lemma path_step_solo:
  assumes "solo_step B s n x \<sigma> x'"
    and "S' t = s(Suc n := x)" "S' (Suc t) = s(Suc n := x')"
    and "E' t = e(Suc n := \<sigma>)" "E' (Suc t) = e(Suc n := \<sigma>')"
  shows "path_step A B (Suc n) S' E' t (Suc n)"
proof -
  obtain g where "(x, \<sigma>, g, x') \<in> delta B" "\<forall>p\<in>procs n. s p \<in> g"
    using assms(1) unfolding solo_step_def by blast
  then have "trans_enabled A B (Suc n) (Suc n) (x, \<sigma>, g, x') (S' t) (E' t)"
    unfolding assms(2,4) trans_enabled_last_iff by blast
  moreover have "S' (Suc t) = (S' t)(Suc n := x')" using assms(2,3) by simp
  moreover have "Suc n \<in> procs (Suc n)" by (simp add: procs_def)
  ultimately have "gstep A B (Suc n) (S' t) (E' t) (Suc n) (S' (Suc t))"
    unfolding gstep_def by (intro conjI exI)
  moreover have "\<forall>p'\<in>procs (Suc n). p' \<noteq> Suc n \<longrightarrow> E' (Suc t) p' = E' t p'"
    using assms(4,5) by simp
  ultimately show ?thesis unfolding path_step_def by blast
qed

text \<open>Processes \<open>0..n\<close> follow \<open>S\<close> up to time \<open>k\<close> and then stay put, while \<open>B\<^sub>n\<^sub>+\<^sub>1\<close> rests
  in \<open>X 0\<close> up to time \<open>k\<close> and then follows \<open>X\<close>; used for states and inputs alike.\<close>
definition solo_extension :: "(nat \<Rightarrow> nat \<Rightarrow> 'a) \<Rightarrow> nat \<Rightarrow> nat \<Rightarrow> (nat \<Rightarrow> 'a) \<Rightarrow> nat \<Rightarrow> nat \<Rightarrow> 'a" where
  "solo_extension S k n X t = (S (min t k))(Suc n := X (t - k))"

lemma solo_extension_path_step:
  assumes "conj_system_type A B" "finite_run A B n S E P k" "X 0 = init B"
    and "t < k \<or> solo_step B (S k) n (X (t - k)) (Y (t - k)) (X (Suc (t - k)))"
  shows "path_step A B (Suc n) (solo_extension S k n X) (solo_extension E k n Y) t
    (if t < k then P t else Suc n)"
proof (cases "t < k")
  case True
  then have "path_step A B n S E t (P t)"
    using assms(2) unfolding finite_run_def by blast
  then show ?thesis
    using True by (simp add: path_step_Suc[OF assms(1)] solo_extension_def assms(3))
next
  case False
  then have "Suc t - k = Suc (t - k)" by simp
  with False assms(4) show ?thesis
    by (auto intro: path_step_solo simp: solo_extension_def)
qed

lemma solo_extension_old_disabled:
  assumes "finite_run A B n S E P k" "p \<le> n" "k \<le> t"
  shows "\<not> proc_enabled A B (Suc n) p (solo_extension S k n X t) (solo_extension E k n Y t)"
proof
  assume "proc_enabled A B (Suc n) p (solo_extension S k n X t) (solo_extension E k n Y t)"
  then have "proc_enabled A B n p (S k) (E k)"
    using assms(3) proc_enabled_SucD[OF assms(2)] by (simp add: solo_extension_def)
  with assms(1,2) show False
    unfolding finite_run_def procs_def by auto
qed
(* Let $R$ be a Krull domain whose divisor class group $Cl(R)$ is not torsion. Then there exist a height-one prime ideal $P$ of $R$ whose class in $Cl(R)$ has infinite order, and an irreducible element $x\in P$, such that $x^2$ factors uniquely.
   Context: A nonzero nonunit $w$ of a domain $R$ factors uniquely if whenever $w=\alpha_1\cdots\alpha_n=\beta_1\cdots\beta_m$ with all $\alpha_i,\beta_j$ irreducible, then $m=n$ and after reordering, $\alpha_i=u_i\beta_i$ for units $u_i$. *)

theory Defs
  imports "HOL-Computational_Algebra.Factorial_Ring" "HOL-Computational_Algebra.Fraction_Field"
begin

text \<open>The domain R is a type of class idom; its fraction field is 'a fract,
  with R embedded as Fract a 1.\<close>

definition r_ideal :: "'a::idom set \<Rightarrow> bool" where
  "r_ideal I \<longleftrightarrow> 0 \<in> I \<and> (\<forall>a\<in>I. \<forall>b\<in>I. a + b \<in> I) \<and> (\<forall>a\<in>I. \<forall>r. r * a \<in> I)"

definition r_prime_ideal :: "'a::idom set \<Rightarrow> bool" where
  "r_prime_ideal P \<longleftrightarrow> r_ideal P \<and> P \<noteq> UNIV \<and> (\<forall>a b. a * b \<in> P \<longrightarrow> a \<in> P \<or> b \<in> P)"

definition height_one_prime :: "'a::idom set \<Rightarrow> bool" where
  "height_one_prime P \<longleftrightarrow> r_prime_ideal P \<and> P \<noteq> {0} \<and>
     (\<forall>Q. r_prime_ideal Q \<and> Q \<subseteq> P \<longrightarrow> Q = {0} \<or> Q = P)"

text \<open>Normalized discrete (rank one, value group Z) valuation on the fraction field;
  the value at 0 is irrelevant.\<close>
definition discrete_valuation :: "('a::idom fract \<Rightarrow> int) \<Rightarrow> bool" where
  "discrete_valuation v \<longleftrightarrow>
     (\<forall>x y. x \<noteq> 0 \<longrightarrow> y \<noteq> 0 \<longrightarrow> v (x * y) = v x + v y) \<and>
     (\<forall>x y. x \<noteq> 0 \<longrightarrow> y \<noteq> 0 \<longrightarrow> x + y \<noteq> 0 \<longrightarrow> min (v x) (v y) \<le> v (x + y)) \<and>
     (\<forall>n. \<exists>x. x \<noteq> 0 \<and> v x = n)"

definition valuation_ring :: "('a::idom fract \<Rightarrow> int) \<Rightarrow> 'a fract set" where
  "valuation_ring v = {x. x = 0 \<or> 0 \<le> v x}"

definition krull_domain :: "'a::idom itself \<Rightarrow> bool" where
  "krull_domain TYPE('a) \<longleftrightarrow> (\<exists>V :: ('a fract \<Rightarrow> int) set.
     (\<forall>v\<in>V. discrete_valuation v) \<and>
     (\<forall>x :: 'a fract. (\<exists>a. x = Fract a 1) \<longleftrightarrow> (\<forall>v\<in>V. x \<in> valuation_ring v)) \<and>
     (\<forall>a :: 'a. a \<noteq> 0 \<longrightarrow> finite {v\<in>V. v (Fract a 1) \<noteq> 0}))"

definition localization :: "'a::idom set \<Rightarrow> 'a fract set" where
  "localization P = {Fract a b | a b. b \<notin> P}"

text \<open>The normalized valuation v_P of the DVR R_P (P height one in a Krull domain).\<close>
definition val_at :: "'a::idom set \<Rightarrow> 'a fract \<Rightarrow> int" where
  "val_at P = (SOME v. discrete_valuation v \<and> valuation_ring v = localization P)"

definition is_divisor :: "('a::idom set \<Rightarrow> int) \<Rightarrow> bool" where
  "is_divisor D \<longleftrightarrow> finite {P. D P \<noteq> 0} \<and> (\<forall>P. D P \<noteq> 0 \<longrightarrow> height_one_prime P)"

definition principal_divisor :: "('a::idom set \<Rightarrow> int) \<Rightarrow> bool" where
  "principal_divisor D \<longleftrightarrow> (\<exists>f :: 'a fract. f \<noteq> 0 \<and>
     (\<forall>P. height_one_prime P \<longrightarrow> D P = val_at P f))"

definition class_group_torsion :: "'a::idom itself \<Rightarrow> bool" where
  "class_group_torsion TYPE('a) \<longleftrightarrow> (\<forall>D :: 'a set \<Rightarrow> int. is_divisor D \<longrightarrow>
     (\<exists>n::int. n \<ge> 1 \<and> principal_divisor (\<lambda>P. n * D P)))"

definition prime_class_infinite_order :: "'a::idom set \<Rightarrow> bool" where
  "prime_class_infinite_order P \<longleftrightarrow>
     (\<forall>n::int. n \<ge> 1 \<longrightarrow> \<not> principal_divisor (\<lambda>Q. if Q = P then n else 0))"

definition factors_uniquely :: "'a::idom \<Rightarrow> bool" where
  "factors_uniquely w \<longleftrightarrow> w \<noteq> 0 \<and> \<not> w dvd 1 \<and>
     (\<forall>xs ys. (\<forall>a\<in>set xs. irreducible a) \<longrightarrow> (\<forall>b\<in>set ys. irreducible b) \<longrightarrow>
        prod_list xs = w \<longrightarrow> prod_list ys = w \<longrightarrow>
        (\<exists>zs. mset zs = mset ys \<and>
           list_all2 (\<lambda>a b. \<exists>u. u dvd 1 \<and> a = u * b) xs zs))"

end

theory Submission
  imports Defs
begin

text \<open>
  The
  valuations whose centre is a height-one prime \<open>P\<close> have valuation ring \<open>R\<^sub>P\<close>, and the
  others are redundant, so \<open>R\<close> is the set of fractions with nonnegative value at every
  \<open>v\<^sub>P\<close>: divisibility in \<open>R\<close> is read off from divisors. A divisor of infinite order is a sum
  of prime divisors, one of which therefore has infinite order.

  For any height-one prime \<open>P\<close>, choose \<open>x \<in> P - {0}\<close> whose support \<open>S\<close> (the height-one
  primes containing \<open>x\<close>) is minimal, and then whose degree \<open>\<Sum>Q\<in>S. v\<^sub>Q x\<close> is minimal.
  Every divisor supported on \<open>S\<close> is then proportional to \<open>div x\<close>: otherwise a suitable
  \<open>g\<^sup>a x\<^sup>b\<close> would be an element of \<open>P\<close> with smaller support. Hence every non-unit dividing
  \<open>x\<^sup>2\<close> has degree at least \<open>deg x\<close>, with equality only for associates of \<open>x\<close>, so \<open>x\<close> is
  irreducible and \<open>x \<cdot> x\<close> is the only factorization of \<open>x\<^sup>2\<close>.
\<close>

lemma Fract1_eq_iff [simp]: "Fract (a::'a::idom) 1 = Fract b 1 \<longleftrightarrow> a = b"
  by (simp add: eq_fract)

lemma Fract1_eq_0_iff [simp]: "Fract (a::'a::idom) 1 = 0 \<longleftrightarrow> a = 0"
  by (metis Fract1_eq_iff fract_collapse(1))

lemma Fract1_power: "Fract (a::'a::idom) 1 ^ n = Fract (a ^ n) 1"
  by (induction n) (simp_all add: One_fract_def)

lemma Fract_eq_0_iff: "b \<noteq> 0 \<Longrightarrow> Fract (a::'a::idom) b = 0 \<longleftrightarrow> a = 0"
  by (simp add: Zero_fract_def eq_fract)

lemma associated_if_dvd_dvd:
  fixes a b :: "'a::idom"
  assumes "a dvd b" "b dvd a" "b \<noteq> 0"
  shows "\<exists>u. u dvd 1 \<and> a = u * b"
proof -
  obtain u where u: "a = b * u"
    using assms(2) by (rule dvdE)
  obtain w where w: "b = a * w"
    using assms(1) by (rule dvdE)
  have "b * (u * w) = b * 1"
    using u w by (metis mult.assoc mult_1_right)
  then have "u * w = 1"
    using assms(3) by simp
  then show ?thesis
    using u by (metis dvdI mult.commute)
qed

lemma unit_multiples_associated:
  fixes x :: "'a::idom"
  assumes "u dvd 1" "w dvd 1"
  shows "\<exists>v. v dvd 1 \<and> u * x = v * (w * x)"
proof -
  obtain w' where w': "1 = w * w'"
    using assms(2) by (rule dvdE)
  then have "w' dvd 1"
    by (metis dvdI mult.commute)
  then have "u * w' dvd 1"
    using mult_dvd_mono[OF assms(1)] by fastforce
  moreover have "(u * w') * (w * x) = u * (w * w') * x"
    by (simp add: ac_simps)
  then have "u * x = (u * w') * (w * x)"
    using w' by simp
  ultimately show ?thesis
    by blast
qed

• • • •

== Problem statement ==
Retype exactly, and only, the lines above from the one where "unfolding assms(2,4) trans_enabled_last_iff" occurs up to and including the one where "in \<open>X 0\<close>" occurs.

== Exercise result ==
    unfolding assms(2,4) trans_enabled_last_iff by blast
  moreover have "S' (Suc t) = (S' t)(Suc n := x')" using assms(2,3) by simp
  moreover have "Suc n \<in> procs (Suc n)" by (simp add: procs_def)
  ultimately have "gstep A B (Suc n) (S' t) (E' t) (Suc n) (S' (Suc t))"
    unfolding gstep_def by (intro conjI exI)
  moreover have "\<forall>p'\<in>procs (Suc n). p' \<noteq> Suc n \<longrightarrow> E' (Suc t) p' = E' t p'"
    using assms(4,5) by simp
  ultimately show ?thesis unfolding path_step_def by blast
qed

text \<open>Processes \<open>0..n\<close> follow \<open>S\<close> up to time \<open>k\<close> and then stay put, while \<open>B\<^sub>n\<^sub>+\<^sub>1\<close> rests
  in \<open>X 0\<close> up to time \<open>k\<close> and then follows \<open>X\<close>; used for states and inputs alike.\<close>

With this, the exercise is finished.